Sitka Gear Turkey Tool Belt

Montana FWP makes seismic shift in elk permits

They already exist. All you can try to do is determine the parameters around which they are issued.

It's a good point. There are already landowner set asides for deer, there's the 454 program that got hijacked by the billionaires & their lobbyists, there's the landowner preference, etc. What does MT get out of those? PLPW has a great role in finding a better balance with the 454 program and eliminate the corruption we've seen relative to the new law change in the last year.

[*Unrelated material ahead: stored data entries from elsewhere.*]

lemma points_on_pg_line:
  "{P. is_point P \<and> P \<subseteq> pg_line u w} =
     {pg_point (vadd (vsc a u) (vsc b w)) | a b. (a, b) \<noteq> (0, 0)}"
proof (intro equalityI subsetI)
  fix P
  assume "P \<in> {P. is_point P \<and> P \<subseteq> pg_line u w}"
  then obtain v where v: "v \<noteq> vzero" "P = pg_point v" "v \<in> pg_line u w"
    unfolding is_point_def using pg_point_subset_pg_line_iff by blast
  then obtain a b where ab: "v = vadd (vsc a u) (vsc b w)"
    unfolding pg_line_def by blast
  with v(1) have "(a, b) \<noteq> (0, 0)" by auto
  with ab v(2) show "P \<in> {pg_point (vadd (vsc a u) (vsc b w)) | a b. (a, b) \<noteq> (0, 0)}"
    by blast
next
  fix P
  assume "P \<in> {pg_point (vadd (vsc a u) (vsc b w)) | a b. (a, b) \<noteq> (0, 0)}"
  then obtain a b where "(a, b) \<noteq> (0, 0)" "P = pg_point (vadd (vsc a u) (vsc b w))"
    by blast
  moreover from this have "is_point P"
    using indep2_lincomb_neq_vzero[OF indep] unfolding is_point_def by blast
  ultimately show "P \<in> {P. is_point P \<and> P \<subseteq> pg_line u w}"
    by (simp add: pg_point_subset_pg_line_iff pg_line_lincomb)
qed

lemma pg_point_lincomb_scale:
  "c \<noteq> 0 \<Longrightarrow> pg_point (vadd (vsc (c * a) u) (vsc (c * b) w)) = pg_point (vadd (vsc a u) (vsc b w))"
  using pg_point_vsc[of c "vadd (vsc a u) (vsc b w)"] by (simp add: vsc_vadd)

lemma card_points_on_pg_line: "card {P. is_point P \<and> P \<subseteq> pg_line u w} = CARD('a) + 1"
  unfolding points_on_pg_line
proof (rule card_homogeneous_image, erule pg_point_lincomb_scale)
  fix a b a' b' :: 'a
  assume "pg_point (vadd (vsc a u) (vsc b w)) = pg_point (vadd (vsc a' u) (vsc b' w))"
  then obtain c where "vadd (vsc a' u) (vsc b' w) = vsc c (vadd (vsc a u) (vsc b w))"
    using pg_point_eqD by blast
  then have "vadd (vsc a' u) (vsc b' w) = vadd (vsc (c * a) u) (vsc (c * b) w)"
    by (simp add: vsc_vadd)
  then show "\<exists>c. a' = c * a \<and> b' = c * b" using indep2_lincomb_eq[OF indep] by blast
qed
lemma respecting_perms_eq_Union:
  "{\<pi>. \<pi> permutes {1..n} \<and> respects_blocks \<pi>} = (\<Union>p\<in>placements. perms_following p)"
proof (intro equalityI subsetI)
  fix \<pi> assume "\<pi> \<in> {\<pi>. \<pi> permutes {1..n} \<and> respects_blocks \<pi>}"
  then have \<pi>: "\<pi> permutes {1..n}" "respects_blocks \<pi>" by auto
  have "\<forall>i\<in>I. \<exists>q. q \<in> block_targets (Ln i) \<and>
      (\<forall>t\<le>Ln i. \<pi> (chain_pos (K i) (X i + t)) = block_image q (Ln i) t)"
    using respecting_perm_follows_block[OF \<pi>] by blast
  then obtain q where q: "\<forall>i\<in>I. q i \<in> block_targets (Ln i) \<and>
      (\<forall>t\<le>Ln i. \<pi> (chain_pos (K i) (X i + t)) = block_image (q i) (Ln i) t)"
    by (rule bchoice[THEN exE])
  have "restrict q I \<in> placements" using q unfolding placements_def by auto
  moreover have "\<pi> \<in> perms_following (restrict q I)"
    using \<pi>(1) q unfolding perms_following_def placement_graph_def by auto
  ultimately show "\<pi> \<in> (\<Union>p\<in>placements. perms_following p)" by blast
next
  fix \<pi> assume "\<pi> \<in> (\<Union>p\<in>placements. perms_following p)"
  then show "\<pi> \<in> {\<pi>. \<pi> permutes {1..n} \<and> respects_blocks \<pi>}"
    using following_perm_respects_blocks by (auto simp: perms_following_def)
qed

There should be a report out in the next month or so relative to western states landowner voucher programs that looks at hunter satisfaction with those programs. Nevada is routinely held up as a good model for landowner vouchers, while UT and CO are held up as the worst examples (including from former managers of those programs).
 
Zero landowner tags. ZERO


I wish we held sacred the principle of equal opportunity in the drawing process. If we had all along, if to us it were an immutable principle of the NAM that for any degradation would be a nonstarter in terms of conversation, we would not be dealing with so much of the BS we see today.

I believe more in slippery slopes now than ever before in my life. If, in good faith, we were to come up with a solution that involved an expansion of landowner tags in Montana, even if in exchange for something more amenable, I think I would be opposed. For only a few years down the road it doesn't seem unreasonable to suspect the take would be come larger, and likely one sided - forever.
 
I wish we held sacred the principle of equal opportunity in the drawing process. If we had all along, if to us it were an immutable principle of the NAM that for any degradation would be a nonstarter in terms of conversation, we would not be dealing with so much of the BS we see today.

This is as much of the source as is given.